Pondering the sweet mysteries of life

by Bill Ralston / 11 December, 2012
The holidays are a good time to ruminate on some of the big questions.
Slow oven cartoon by Steve Bolton
“Nooooo! You idiot! For crying out loud! Sear it first! Then a slow oven!” /cartoon by Steve Bolton

This year while you’re on holiday and run out of things to read, try something new. Think. Ponder the many unanswered mysteries of life. Every summer, when I have little or no real work to do, I stave off boredom by ruminating on some of the big questions, such as why men have more body hair than women. Okay, I’ll exempt a maiden aunt or two from that generality, but most women are less hairy than I am, not because they shave or wax – although I’m sure they do – but they are born with fewer parts of their body liable to generate undergrowth, and when it does sprout, it’s generally sparser.

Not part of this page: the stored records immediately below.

text \<open>Peeling off the edge of \<open>F\<close> at \<open>p\<close>, and then the edge of \<open>S\<close> cancelling its
  other end, exhibits the first steps of an alternating walk from \<open>p\<close> to \<open>q\<close>.\<close>
lemma colon_pair_cases:
  assumes E: "\<forall>e\<in>E. card e = 2" and pq: "colon_pair E S p q" and S: "set_mset S \<subseteq> E"
  shows "{p, q} \<in> E \<or>
    (\<exists>u v. {p, u} \<in> E \<and> p \<noteq> u \<and> u \<noteq> v \<and> {u, v} \<in># S \<and> colon_pair E (S - {#{u, v}#}) v q)"
proof -
  obtain F where F: "set_mset F \<subseteq> E" "edge_sum F = {#p, q#} + edge_sum S"
    using pq unfolding colon_pair_def by blast
  have "p \<in># edge_sum F" using F(2) by simp
  then obtain f where f: "f \<in># F" "p \<in># edge_mon f" by (rule in_edge_sumE)
  have "card f = 2" using E F(1) f(1) by auto
  then obtain u where u: "p \<noteq> u" "f = {p, u}"
    using f(2) by (rule card_2_edge_monE)
  have fE: "{p, u} \<in> E" using f F(1) u by auto
  have rest: "add_mset q (edge_sum S) = add_mset u (edge_sum (F - {#f#}))"
    using F(2) edge_sum_remove[OF f(1)] u by (simp add: edge_mon_doubleton)
  show ?thesis
  proof (cases "u = q")
    case True
    then show ?thesis using fE by simp
  next
    case False
    then have "u \<in># edge_sum S" using rest by (metis insert_noteq_member)
    then obtain g where g: "g \<in># S" "u \<in># edge_mon g" by (rule in_edge_sumE)
    have "card g = 2" using E S g(1) by auto
    then obtain v where v: "u \<noteq> v" "g = {u, v}"
      using g(2) by (rule card_2_edge_monE)
    have "edge_sum (F - {#f#}) = {#v, q#} + edge_sum (S - {#g#})"
      using rest edge_sum_remove[OF g(1)] v by (simp add: edge_mon_doubleton add_mset_commute)
    moreover have "set_mset (F - {#f#}) \<subseteq> E" using F(1) by (meson in_diffD subset_iff)
    ultimately have "colon_pair E (S - {#g#}) v q" unfolding colon_pair_def by blast
    then show ?thesis using fE u(1) v g(1) by blast
  qed
qed

text \<open>An alternating walk from \<open>c\<close> to \<open>d\<close> that cannot avoid the edge \<open>uv\<close> of \<open>S\<close>
  passes through it; cutting the walk there splits the rest of \<open>S\<close> between its two halves.\<close>
lemma colon_pair_split:
  assumes E: "\<forall>e\<in>E. card e = 2" and "set_mset S \<subseteq> E" "colon_pair E S c d" "{u, v} \<in># S"
    and "\<not> colon_pair E (S - {#{u, v}#}) c d"
  shows "\<exists>R1 R2 x y. {x, y} = {u, v} \<and> R1 + R2 \<subseteq># S - {#{u, v}#} \<and>
    colon_pair E R1 c x \<and> colon_pair E R2 y d"
  using assms(2-)
proof (induction "size S" arbitrary: S c rule: less_induct)
  case less
  let ?e = "{u, v}"
  have SeE: "set_mset (S - {#?e#}) \<subseteq> E" using less.prems(1) by (meson in_diffD subset_iff)
  from colon_pair_cases[OF E less.prems(2,1)] show ?case
  proof (elim disjE exE conjE)
    assume "{c, d} \<in> E"
    moreover from this have "c \<noteq> d" using E by force
    ultimately have "colon_pair E {#} c d" by (rule colon_pair_edge)
    then have "colon_pair E (S - {#?e#}) c d" by (rule colon_pair_mono[OF _ _ SeE]) simp
    with less.prems(4) show ?thesis by contradiction
  next
    fix w z
    assume cw_E: "{c, w} \<in> E" and "c \<noteq> w" "w \<noteq> z" and g: "{w, z} \<in># S"
      and zd: "colon_pair E (S - {#{w, z}#}) z d"
    let ?g = "{w, z}"
    have cw: "colon_pair E {#} c w" using cw_E \<open>c \<noteq> w\<close> by (rule colon_pair_edge)
    have gE: "?g \<in> E" using g less.prems(1) by auto
    show ?thesis
    proof (cases "?g = ?e")
      case True
      then show ?thesis using cw zd
        by (intro exI[of _ "{#}"] exI[of _ "S - {#?e#}"] exI[of _ w] exI[of _ z]) simp
    next
      case False
      have eS': "?e \<in># S - {#?g#}" using False less.prems(3) by (simp add: in_diff_count)
      have gSe: "?g \<in># S - {#?e#}" using False g by (simp add: in_diff_count)
      have restore: "add_mset ?g (S - {#?g#} - {#?e#}) = S - {#?e#}"
        using insert_DiffM[OF gSe] by (simp only: diff_right_commute)
      have smaller: "size (S - {#?g#}) < size S" using g by (rule size_Diff1_less)
      have S'E: "set_mset (S - {#?g#}) \<subseteq> E" using less.prems(1) by (meson in_diffD subset_iff)
      have avoid: "\<not> colon_pair E (S - {#?g#} - {#?e#}) z d"
      proof
        assume "colon_pair E (S - {#?g#} - {#?e#}) z d"
        from colon_pair_join[OF cw this gE \<open>w \<noteq> z\<close>] restore
        have "colon_pair E (S - {#?e#}) c d" by simp
        with less.prems(4) show False by contradiction
      qed
      obtain R1 R2 x y where R: "{x, y} = ?e" "R1 + R2 \<subseteq># S - {#?g#} - {#?e#}"
        "colon_pair E R1 z x" "colon_pair E R2 y d"
        using less.hyps[OF smaller S'E zd eS' avoid] by blast
      have "colon_pair E ({#} + R1 + {#?g#}) c x"
        using colon_pair_join[OF cw R(3) gE \<open>w \<noteq> z\<close>] .
      moreover have "add_mset ?g (R1 + R2) \<subseteq># add_mset ?g (S - {#?g#} - {#?e#})"
        using R(2) by (simp only: mset_subset_eq_add_mset_cancel)
      then have "({#} + R1 + {#?g#}) + R2 \<subseteq># S - {#?e#}"
        unfolding restore by (simp add: add.commute add.left_commute)
      ultimately show ?thesis using R(1,4)
        by (intro exI[of _ "{#} + R1 + {#?g#}"] exI[of _ R2] exI[of _ x] exI[of _ y]) simp
    qed
  qed
qed

lemma colon_pair_gap_free_step:
  assumes E: "\<forall>e\<in>E. card e = 2" and SE: "set_mset S \<subseteq> E" and cd: "colon_pair E S c d"
    and au: "{a, u} \<in> E" "a \<noteq> u" and uv: "u \<noteq> v" "{u, v} \<in># S"
    and IH: "colon_pair E (S - {#{u, v}#}) c d \<Longrightarrow> v \<notin> {c, d} \<Longrightarrow>
      \<exists>x\<in>{v, b}. \<exists>y\<in>{c, d}. colon_pair E (S - {#{u, v}#}) x y"
  shows "\<exists>x\<in>{a, b}. \<exists>y\<in>{c, d}. colon_pair E S x y"
proof -
  let ?e = "{u, v}"
  have eE: "?e \<in> E" using uv(2) SE by auto
  have a_u: "colon_pair E {#} a u" using au by (rule colon_pair_edge)
  have through_e: "colon_pair E S a q" if "colon_pair E (S - {#?e#}) v q" for q
    using colon_pair_join[OF a_u that eE uv(1)] uv(2) by simp
  show ?thesis
  proof (cases "colon_pair E (S - {#?e#}) c d")
    case True
    consider "v = c" | "v = d" | "v \<notin> {c, d}" by blast
    then show ?thesis
    proof cases
      case 1
      then have "colon_pair E S a d" using through_e True by simp
      then show ?thesis by blast
    next
      case 2
      then have "colon_pair E S a c" using through_e True colon_pair_sym[of E _ c d] by simp
      then show ?thesis by blast
    next
      case 3
      then obtain x y where xy: "x \<in> {v, b}" "y \<in> {c, d}" "colon_pair E (S - {#?e#}) x y"
        using IH[OF True] by blast
      show ?thesis
      proof (cases "x = b")
        case True
        have "colon_pair E S x y" using colon_pair_mono[OF xy(3) _ SE] by simp
        then show ?thesis using xy(2) True by blast
      next
        case False
        then have "colon_pair E S a y" using xy through_e by simp
        then show ?thesis using xy(2) by blast
      qed
    qed
  next
    case False
    then obtain R1 R2 x y where R: "{x, y} = ?e" "R1 + R2 \<subseteq># S - {#?e#}"
      "colon_pair E R1 c x" "colon_pair E R2 y d"
      using colon_pair_split[OF E SE cd uv(2)] by blast
    have "R1 \<subseteq># S - {#?e#}" "R2 \<subseteq># S - {#?e#}"
      using subset_mset.order_trans[OF _ R(2)] by simp_all
    then have R1: "add_mset ?e R1 \<subseteq># S" and R2: "add_mset ?e R2 \<subseteq># S"
      unfolding insert_subset_eq_iff using uv(2) by simp_all
    from R(1) consider "x = u" "y = v" | "x = v" "y = u" by (metis doubleton_eq_iff)
    then show ?thesis
    proof cases
      case 1
      have "colon_pair E ({#} + R2 + {#?e#}) a d"
        using colon_pair_join[OF a_u _ eE uv(1)] R(4) 1 by simp
      then have "colon_pair E S a d" using colon_pair_mono[OF _ R2 SE] by simp
      then show ?thesis by blast
    next
      case 2
      have u_a: "colon_pair E {#} u a" using a_u colon_pair_sym by metis
      have vu: "{v, u} \<in> E" using eE by (simp add: insert_commute)
      have "colon_pair E (R1 + {#} + {#{v, u}#}) c a"
        using colon_pair_join[OF R(3)[unfolded 2] u_a vu not_sym[OF uv(1)]] .
      then have "colon_pair E S c a"
        using colon_pair_mono[OF _ R1 SE] by (simp add: insert_commute)
      then show ?thesis using colon_pair_sym[of E S c a] by blast
    qed
  qed
qed

lemma colon_pair_gap_free:
  assumes E: "\<forall>e\<in>E. card e = 2" and gap: "gap_free E"
    and "set_mset S \<subseteq> E" "colon_pair E S a b" "colon_pair E S c d" "a \<notin> {c, d}" "b \<notin> {c, d}"
  shows "\<exists>x\<in>{a, b}. \<exists>y\<in>{c, d}. colon_pair E S x y"
  using assms(3-)
proof (induction "size S" arbitrary: S a b c d rule: less_induct)
  case less
  have walk: "\<exists>x\<in>{a', b'}. \<exists>y\<in>{c', d'}. colon_pair E S x y"
    if hyp: "colon_pair E S c' d'" "b' \<notin> {c', d'}" "{a', u} \<in> E" "a' \<noteq> u"
      "u \<noteq> v" "{u, v} \<in># S" "colon_pair E (S - {#{u, v}#}) v b'" for a' b' c' d' u v
  proof (rule colon_pair_gap_free_step[OF E less.prems(1) hyp(1,3-6)])
    have smaller: "size (S - {#{u, v}#}) < size S" using hyp(6) by (rule size_Diff1_less)
    have S'E: "set_mset (S - {#{u, v}#}) \<subseteq> E" using less.prems(1) by (meson in_diffD subset_iff)
    show "\<exists>x\<in>{v, b'}. \<exists>y\<in>{c', d'}. colon_pair E (S - {#{u, v}#}) x y"
      if "colon_pair E (S - {#{u, v}#}) c' d'" "v \<notin> {c', d'}"
      by (rule less.hyps[OF smaller S'E hyp(7) that hyp(2)])
  qed
  from colon_pair_cases[OF E less.prems(2,1)] show ?case
  proof (elim disjE exE conjE)
    assume ab: "{a, b} \<in> E"
    from colon_pair_cases[OF E less.prems(3,1)] show ?thesis
    proof (elim disjE exE conjE)
      assume cd: "{c, d} \<in> E"
      have "{a, b} \<inter> {c, d} = {}" using less.prems(4,5) by auto
      then obtain x y where xy: "x \<in> {a, b}" "y \<in> {c, d}" "{x, y} \<in> E"
        using gap[unfolded gap_free_def, rule_format, OF ab cd] by blast
      then have "x \<noteq> y" using less.prems(4,5) by auto
      with xy(3) have "colon_pair E {#} x y" by (rule colon_pair_edge)
      then have "colon_pair E S x y" by (rule colon_pair_mono[OF _ _ less.prems(1)]) simp
      then show ?thesis using xy by blast
    next
      fix u v
      assume "{c, u} \<in> E" "c \<noteq> u" "u \<noteq> v" "{u, v} \<in># S" "colon_pair E (S - {#{u, v}#}) v d"
      moreover have "d \<notin> {a, b}" using less.prems(4,5) by auto
      ultimately obtain x y where xy: "x \<in> {c, d}" "y \<in> {a, b}" "colon_pair E S x y"
        by (metis walk[OF less.prems(2)])
      then have "colon_pair E S y x" using colon_pair_sym[of E S x y] by simp
      then show ?thesis using xy(1,2) by blast
    qed
  next
    fix u v
    assume "{a, u} \<in> E" "a \<noteq> u" "u \<noteq> v" "{u, v} \<in># S" "colon_pair E (S - {#{u, v}#}) v b"
    then show ?thesis by (rule walk[OF less.prems(3,5)])
  qed
qed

Why do I have hair on my face, for example, when women mostly have none? For that matter, why do I shave it off? Do I want to do a gender bender and look like a woman? Doubt it, and besides, I’d definitely be a very homely looking girl. There’s a theory that we have body hair to keep us warm, but if that’s the case, why do I, as a man, need a warmer face than my wife? If warmth is the reason for it, why do we not have hair in other parts that might need to keep out the cold? A bald bum or naked feet can get quite nippy, you know. And what was nature thinking when it invented pubic hair? What a silly place to put it. Besides, that region is quite warm enough, thank you. I know there are theories that pubic hair can radiate a randy scent to encourage sex, but frankly I find that a bit offputting.

Another suggestion is that it prevents chafing during sex, but there is no evidence the population of Brazil is tenderly wandering about itching and scratching after nights of hairless conjugal bliss. While we’re on the subject of sex, why do surveys always report that men have had more sexual partners than women? How can that be? It takes two to tango, so for every bloke who’s having heterosexual sex, there has to be a woman involved. Even if one woman is racking up more blokes than the rest, the overall average number of female bonks would have to match the male figures, surely?

Actually, Google ruins some of this ruminating. Perplexed by that last question, I leapt onto the computer and found the obvious answer. The Journal of Sex Research – yes, there is such a thing – reports that if participants in such studies are tricked into believing they’re hooked up to a lie-detector machine, men report exactly the same number of sexual partners that woman do. So, basically, it proves the startling revelation that men lie about their sexual conquests. A helpful Google search or two can settle many arguments.

After a recent ribald debate with friends about the veracity of the age-old maxim that “men with big feet also have big …”, I dived online and discovered a 2002 study done at London’s St Mary’s Hospital that compared 104 men’s foot size with their pecker length. There was no correlation. This got me wondering, how on earth would you convince 104 blokes to let you measure their appendage, let alone their feet? What would you say? “I hate to bother you, but can you help me answer an age-old question and let me measure your old fella?” Maybe they’d try a subtle approach: measure the feet first, then pretend to slip with the ruler as they passed the groin region. “Oops, sorry. My, my, you’re a size 12, all right!”

Besides, the research must be somewhat flawed by the practical considerations of the methodology used. What if it was a cold day or the hospital was drafty? Actually, seeing the way this discussion has gone, one good summertime ponder would be, why do all these contemplations end up dwelling on sex?